=== Begin Enclosure ===
text \<open>The volume of a scheme splits over the tree: every non-root internal node u pays
(q_n - 1) c(u) for its own grid plus c(parent) if its grid differs from the parent's. So
the least cost T_u(g) of the subtree of u, given grid g at u, obeys
T_u(g) = own_u(g) + \<Sum>_v min (T_v(g), min T_v + c(u)) over the children v,
which is exactly the table computed by dp. Every scheme costs at least the root table at
its root grid, and the reconstruction, which takes the minimising branch at each child,
attains the table value; hence it is optimal. A table has one entry per valid grid, at
most psi(P,N) of them, and dp reads 3 entries per grid and node while the reconstruction
reads 2 per node, giving at most 5 |H| psi(P,N) lookups.\<close>

section \<open>Enumerating grids\<close>

lemma set_tuples: "set (tuples n P) = grids n P"
proof (induction n arbitrary: P)
  case 0
  show ?case by (auto simp: grids_def)
next
  case (Suc n)
  show ?case
  proof (intro set_eqI iffI)
    fix g assume "g \<in> set (tuples (Suc n) P)"
    then show "g \<in> grids (Suc n) P" using Suc by (auto simp: grids_def)
  next
    fix g assume g: "g \<in> grids (Suc n) P"
    then obtain d g' where g_eq: "g = d # g'" by (cases g) (auto simp: grids_def)
    with g have d: "0 < d" "d * prod_list g' = P" and g': "g' \<in> grids n (P div d)"
      by (auto simp: grids_def)
    have "0 \<notin> set g'" using g' by (auto simp: grids_def)
    then have "0 < prod_list g'" by (metis gr0I prod_list_zero_iff)
    then have "d \<in> set (filter (\<lambda>d. d dvd P) [1..<Suc P])"
      using d by (auto simp: Suc_le_eq)
    then show "g \<in> set (tuples (Suc n) P)"
      using Suc g' by (auto simp: g_eq)
  qed
qed

lemma distinct_concat_map:
  assumes "distinct xs" "\<And>x. distinct (f x)" "\<And>x y. x \<noteq> y \<Longrightarrow> set (f x) \<inter> set (f y) = {}"
  shows "distinct (concat (map f xs))"
  using assms(1)
proof (induction xs)
  case (Cons a xs)
  have "set (f a) \<inter> set (f x) = {}" if "x \<in> set xs" for x
    using Cons.prems assms(3)[of a x] that by auto
  then have "set (f a) \<inter> set (concat (map f xs)) = {}" by auto
  with Cons show ?case by (simp add: assms(2))
qed simp

lemma distinct_tuples: "distinct (tuples n P)"
proof (induction n arbitrary: P)
  case (Suc n)
  show ?case unfolding tuples.simps
    by (rule distinct_concat_map) (auto simp: Suc distinct_map)
qed simp

lemma psi_eq_length_tuples: "psi P N = length (tuples N P)"
  unfolding psi_def set_tuples[symmetric] using distinct_tuples by (rule distinct_card)

lemma psi_pos: "1 \<le> N \<Longrightarrow> 0 < P \<Longrightarrow> 0 < psi P N"
  unfolding psi_eq_length_tuples
  using set_tuples[of N P, unfolded grids_def] by (fastforce dest!: spec[of _ "P # replicate (N - 1) 1"])

lemma set_valid_list: "set (valid_list N K P) = {g. valid_grid N K P g}"
  by (auto simp: valid_list_def valid_grid_def set_tuples)

lemma length_valid_list_le_psi: "length (valid_list N K P) \<le> psi P N"
  by (simp add: valid_list_def psi_eq_length_tuples)

lemma positions_Node:
  "positions (Node m us) = insert [] (\<Union>i<length us. Cons i ` positions (us ! i))"
  unfolding positions_def
proof (intro set_eqI iffI)
  fix p assume "p \<in> {p. subtree_at (Node m us) p \<noteq> None}"
  then show "p \<in> insert [] (\<Union>i<length us. Cons i ` {p. subtree_at (us ! i) p \<noteq> None})"
    by (cases p) (auto split: if_splits)
qed auto

lemma Nil_in_positions: "[] \<in> positions t"
  by (cases t) (simp add: positions_Node)

lemma Cons_in_positions_Node: "i < length us \<Longrightarrow> q \<in> positions (us ! i) \<Longrightarrow> i # q \<in> positions (Node m us)"
  by (auto simp: positions_Node)

lemma finite_positions: "finite (positions t)"
  by (induction t) (auto simp: positions_Node)

lemma num_nodes_Node: "num_nodes (Node m us) = Suc (\<Sum>u\<leftarrow>us. num_nodes u)"
proof -
  have "card (\<Union>i<length us. Cons i ` positions (us ! i)) = (\<Sum>i<length us. card (Cons i ` positions (us ! i)))"
    by (rule card_UN_disjoint) (auto simp: finite_positions)
  also have "\<dots> = (\<Sum>u\<leftarrow>us. num_nodes u)"
    by (simp add: card_image num_nodes_def sum_list_sum_nth atLeast0LessThan)
  finally show ?thesis
    unfolding num_nodes_def positions_Node by (subst card_insert_disjoint) (auto simp: finite_positions)
qed

lemma not_is_internal_Nil [simp]: "\<not> is_internal t []"
  by (simp add: is_internal_def)

lemma is_internal_Cons:
  "is_internal (Node m us) (i # q) \<longleftrightarrow> i < length us \<and> (q = [] \<and> children (us ! i) \<noteq> [] \<or> is_internal (us ! i) q)"
  by (cases q) (auto simp: is_internal_def positions_def)

lemma internal_Node:
  "{p. is_internal (Node m us) p} =
     (\<Union>i<length us. Cons i ` ({q. q = [] \<and> children (us ! i) \<noteq> []} \<union> {q. is_internal (us ! i) q}))"
proof (intro set_eqI iffI)
  fix p assume "p \<in> {p. is_internal (Node m us) p}"
  then show "p \<in> (\<Union>i<length us. Cons i ` ({q. q = [] \<and> children (us ! i) \<noteq> []} \<union> {q. is_internal (us ! i) q}))"
    by (cases p) (auto simp: is_internal_Cons)
qed (auto simp: is_internal_Cons)

lemma finite_internal: "finite {p. is_internal t p}"
  by (rule finite_subset[OF _ finite_positions]) (auto simp: is_internal_def)

section \<open>Decomposing the volume over subtrees\<close>

text \<open>For a subtree t whose parent has cardinality c (or, if r holds, for the whole tree,
whose root has cardinality c), step_card is the cardinality of t, own_cost the cost
(q_n - 1) c(t) of t under grid g, and scheme_cost the volume of the subtree of t without the
regridding cost at t.\<close>

definition step_card :: "(nat \<Rightarrow> nat) \<Rightarrow> (nat \<Rightarrow> nat) \<Rightarrow> bool \<Rightarrow> real \<Rightarrow> tree \<Rightarrow> real" where
  "step_card K L r c t = (if r \<or> children t = [] then c else real (K (tlabel t)) / real (L (tlabel t)) * c)"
=== End Enclosure ===
WORK INSTRUCTIONS: For each line of the entries that includes "Longrightarrow", show that line.

EXERCISE ANSWER:
  assumes "distinct xs" "\<And>x. distinct (f x)" "\<And>x y. x \<noteq> y \<Longrightarrow> set (f x) \<inter> set (f y) = {}"
lemma psi_pos: "1 \<le> N \<Longrightarrow> 0 < P \<Longrightarrow> 0 < psi P N"
lemma Cons_in_positions_Node: "i < length us \<Longrightarrow> q \<in> positions (us ! i) \<Longrightarrow> i # q \<in> positions (Node m us)"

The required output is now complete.